Behavioral-based technology proactively looks out for bad file behaviors such as unauthorized system modifications or website downloads. Based on that, the technology blocks the file without knowing exactly what it is, he explained.
“Phishing that targets online banking services is another major threat, especially in Asia,” Runald warned. For example, the victim receives an e-mail claiming suspicious activity is detected on his account. He is then prompted to click on a link to an authentic-looking but fake website and log-in to verify personal details. Consequently, his password is stolen.
With users becoming more aware of this threat and hence prudent in clicking on links, malware authors have engineered ‘Banking Trojans’, Runald warned. Instead of prompting for user names and passwords, the malware attaches to the victim’s web browser and waits for him to log into the authentic online banking system. Once that happens, the victim’s password may be stolen even if he takes basic precautionary measures.
While social engineering is “very tricky” and “extremely difficult” to protect against, all is not lost, according to Runald. “As banking Trojans attempt to plug into the browser and steal information, behavioral-based technology can recognize the bad behavior and block it.”
He advised administrators not to add new features to their websites until existing ones are safe for use, which would minimize the risk of compromise. Additionally, websites should be analyzed for potential vulnerabilities to ensure users’ security.
Hacking for money
While acknowledging internal data breach as “an area of concern”, he said that malicious hackers might pose a greater threat to enterprises. “Five years ago, people were hacking into systems for fun.
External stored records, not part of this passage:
theorem mainTheorem5:
  fixes n k :: nat
  assumes "CARD('n) = n"
    and "CARD('d::finite) = dnk n k"
    and "n \<ge> 2" and "k \<le> n" and "real k \<ge> real n / 2 + 1"
  shows "\<exists>(f :: real^('n::{finite,linorder})^('n::{finite,linorder}) \<Rightarrow> (complex^'d) \<times> (real^('n::{finite,linorder})^('n::{finite,linorder}))) (V :: (real^('n::{finite,linorder})^('n::{finite,linorder})) set).
      subspace V \<and> dim V = cnk n k \<and>
      smooth_map f \<and>
      f ` UR = torus \<times> V \<and>
      (\<forall>g\<in>UR. \<forall>h\<in>UR. f g = f h \<longleftrightarrow> (\<exists>\<gamma>\<in>UkZ k. h = g ** \<gamma>)) \<and>
      (\<forall>g\<in>UR. \<exists>L. (f has_derivative L) (at g) \<and> (\<forall>X\<in>strict_upper. L X = 0 \<longrightarrow> X = 0)) \<and>
      f ` UkR k = torus \<times> {0}"
proof -
  have "real (n + 2) \<le> real (2 * k)"
    using assms(5) by simp
  then have "n + 2 \<le> 2 * k"
    by (simp only: of_nat_le_iff)
  then have k: "2 \<le> k" "int CARD('n) \<le> 2 * (int k - 1)"
    using assms(1,3) by presburger+
  have "card (far_band k :: ('n \<times> 'n) set) = CARD('d)"
    using card_far_band[OF assms(1) _ assms(4)] k(1) assms(2) by simp
  then obtain e :: "'d \<Rightarrow> 'n \<times> 'n" where e: "bij_betw e UNIV (far_band k)"
    by (metis finite finite_same_card_bij)
  then have range_e: "range e = far_band k"
    by (simp add: bij_betw_def)
  have "\<exists>L. (quotient_chart k e has_derivative L) (at g) \<and> (\<forall>X\<in>strict_upper. L X = 0 \<longrightarrow> X = 0)" for g
    using torus_affine_map_has_derivative[OF torus_affine_map_quotient_chart]
      quotient_chart_derivative_injective[OF range_e] strict_upper_iff_above_diag by metis
  moreover have "dim (supported_on (mid_band k) :: ('n sqmat) set) = cnk n k"
    using dim_supported_on card_mid_band[OF assms(1) k(1) assms(4)] by metis
  ultimately show ?thesis
    using subspace_supported_on
      smooth_map_torus_affine_map[OF torus_affine_map_quotient_chart]
      quotient_chart_image_UR[OF k e] quotient_chart_eq_iff[OF k range_e] quotient_chart_image_UkR[OF k e]
    by (intro exI[of _ "quotient_chart k e"] exI[of _ "supported_on (mid_band k)"]) auto
qed

end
Today they’re doing it for money.”
Runald warned that after making money, the perpetrators have more resources to “get better at their craft”, or even set up a company that hires other malware authors.
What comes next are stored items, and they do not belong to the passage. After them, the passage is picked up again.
(* Let $\kappa$ be a regular cardinal with $\kappa>\aleph_0$, $\lambda$ a regular cardinal $>2^\kappa$, $S\subseteq\{\delta<\lambda:\mathrm{cf}(\delta)=\kappa\}$ stationary, and $I$ a normal ideal on $\lambda$ with $S\notin I$. If $I$ is $\lambda^+$-saturated, then there is a sequence $\langle C_\delta:\delta\in S\rangle$, each $C_\delta$ a club of $\delta$ of order type $\mathrm{cf}(\delta)$, such that for every club $C$ of $\lambda$ we have $\{\delta\in S:C_\delta\setminus C\text{ is unbounded in }\delta\}\in I$.
   Context: An ideal $I$ on $\lambda$ is $\lambda^+$-saturated if the Boolean algebra $\mathcal P(\lambda)/I$ has no family of $\lambda^+$ pairwise disjoint nonzero elements (i.e. there are no $\lambda^+$ subsets of $\lambda$ not in $I$ whose pairwise intersections are in $I$). *)

theory Defs
  imports Main "HOL-Library.Countable_Set"
begin

text \<open>Ordinals below lambda are modelled by the elements of a wellorder type 'l,
  whose whole universe has order type lambda. Ordinals below lambda (such as kappa,
  or delta) are elements of 'l, identified with their set of predecessors.\<close>

definition unbounded_below :: "'l::wellorder \<Rightarrow> 'l set \<Rightarrow> bool" where
  "unbounded_below \<delta> X \<longleftrightarrow> X \<subseteq> {..<\<delta>} \<and> (\<forall>\<alpha><\<delta>. \<exists>\<beta>\<in>X. \<alpha> < \<beta>)"

definition accum_pt :: "'l::wellorder \<Rightarrow> 'l set \<Rightarrow> bool" where
  "accum_pt \<gamma> X \<longleftrightarrow> (\<exists>\<beta>\<in>X. \<beta> < \<gamma>) \<and> (\<forall>\<alpha><\<gamma>. \<exists>\<beta>\<in>X. \<alpha> < \<beta> \<and> \<beta> < \<gamma>)"

definition club_below :: "'l::wellorder \<Rightarrow> 'l set \<Rightarrow> bool" where
  "club_below \<delta> C \<longleftrightarrow> unbounded_below \<delta> C \<and> (\<forall>\<gamma><\<delta>. accum_pt \<gamma> C \<longrightarrow> \<gamma> \<in> C)"

definition club :: "'l::wellorder set \<Rightarrow> bool" where
  "club C \<longleftrightarrow> (\<forall>\<alpha>. \<exists>\<beta>\<in>C. \<alpha> < \<beta>) \<and> (\<forall>\<gamma>. accum_pt \<gamma> C \<longrightarrow> \<gamma> \<in> C)"

definition stationary :: "'l::wellorder set \<Rightarrow> bool" where
  "stationary S \<longleftrightarrow> (\<forall>C. club C \<longrightarrow> S \<inter> C \<noteq> {})"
Old school security threats are also back in style according to another report.
He highlighted the importance of continuous IT security education for all employees to minimize the risk of data breaches arising from staff negligence. “It’s not enough to have a one-off IT security session when people join the company because they may forget. Continuous education is crucial because threats are always evolving or changing.”
But as the saying goes, it takes two hands to clap. “Enterprises should enable employees to help by ensuring they are aware of the threats and feel as part of the solution, not just part of the problem,” Runald said.
He noted that there is some risk in using Web 2.0 services. “I know a company that uses Facebook to create a better social experience among employees. This gives away part of the responsibility of securing company information to the service provider because things are happening on a server somewhere.”
Runald does not foresee any significant change to the type of security threats in 2008, but expects a continued jump in incidences. Websense researchers share a similar view, predicting the possibility of large scale denial-of-service attacks on Beijing 2008 Olympic-related websites as political statements, and phishing attempts to exploit the event.
Customized security training
Runald recommended that IT security training should be customized according to the company’s identity, workflow, collaborative arrangements with the IT department and targeted trainees.
The IT department should also play a supportive role in the training. “I think the IT team knows the internal system better, but it shouldn’t be technical training. It should focus on IT policies, guarding against social engineering tricks and making everyone feel involved in security,” he said. “Case studies would be great.”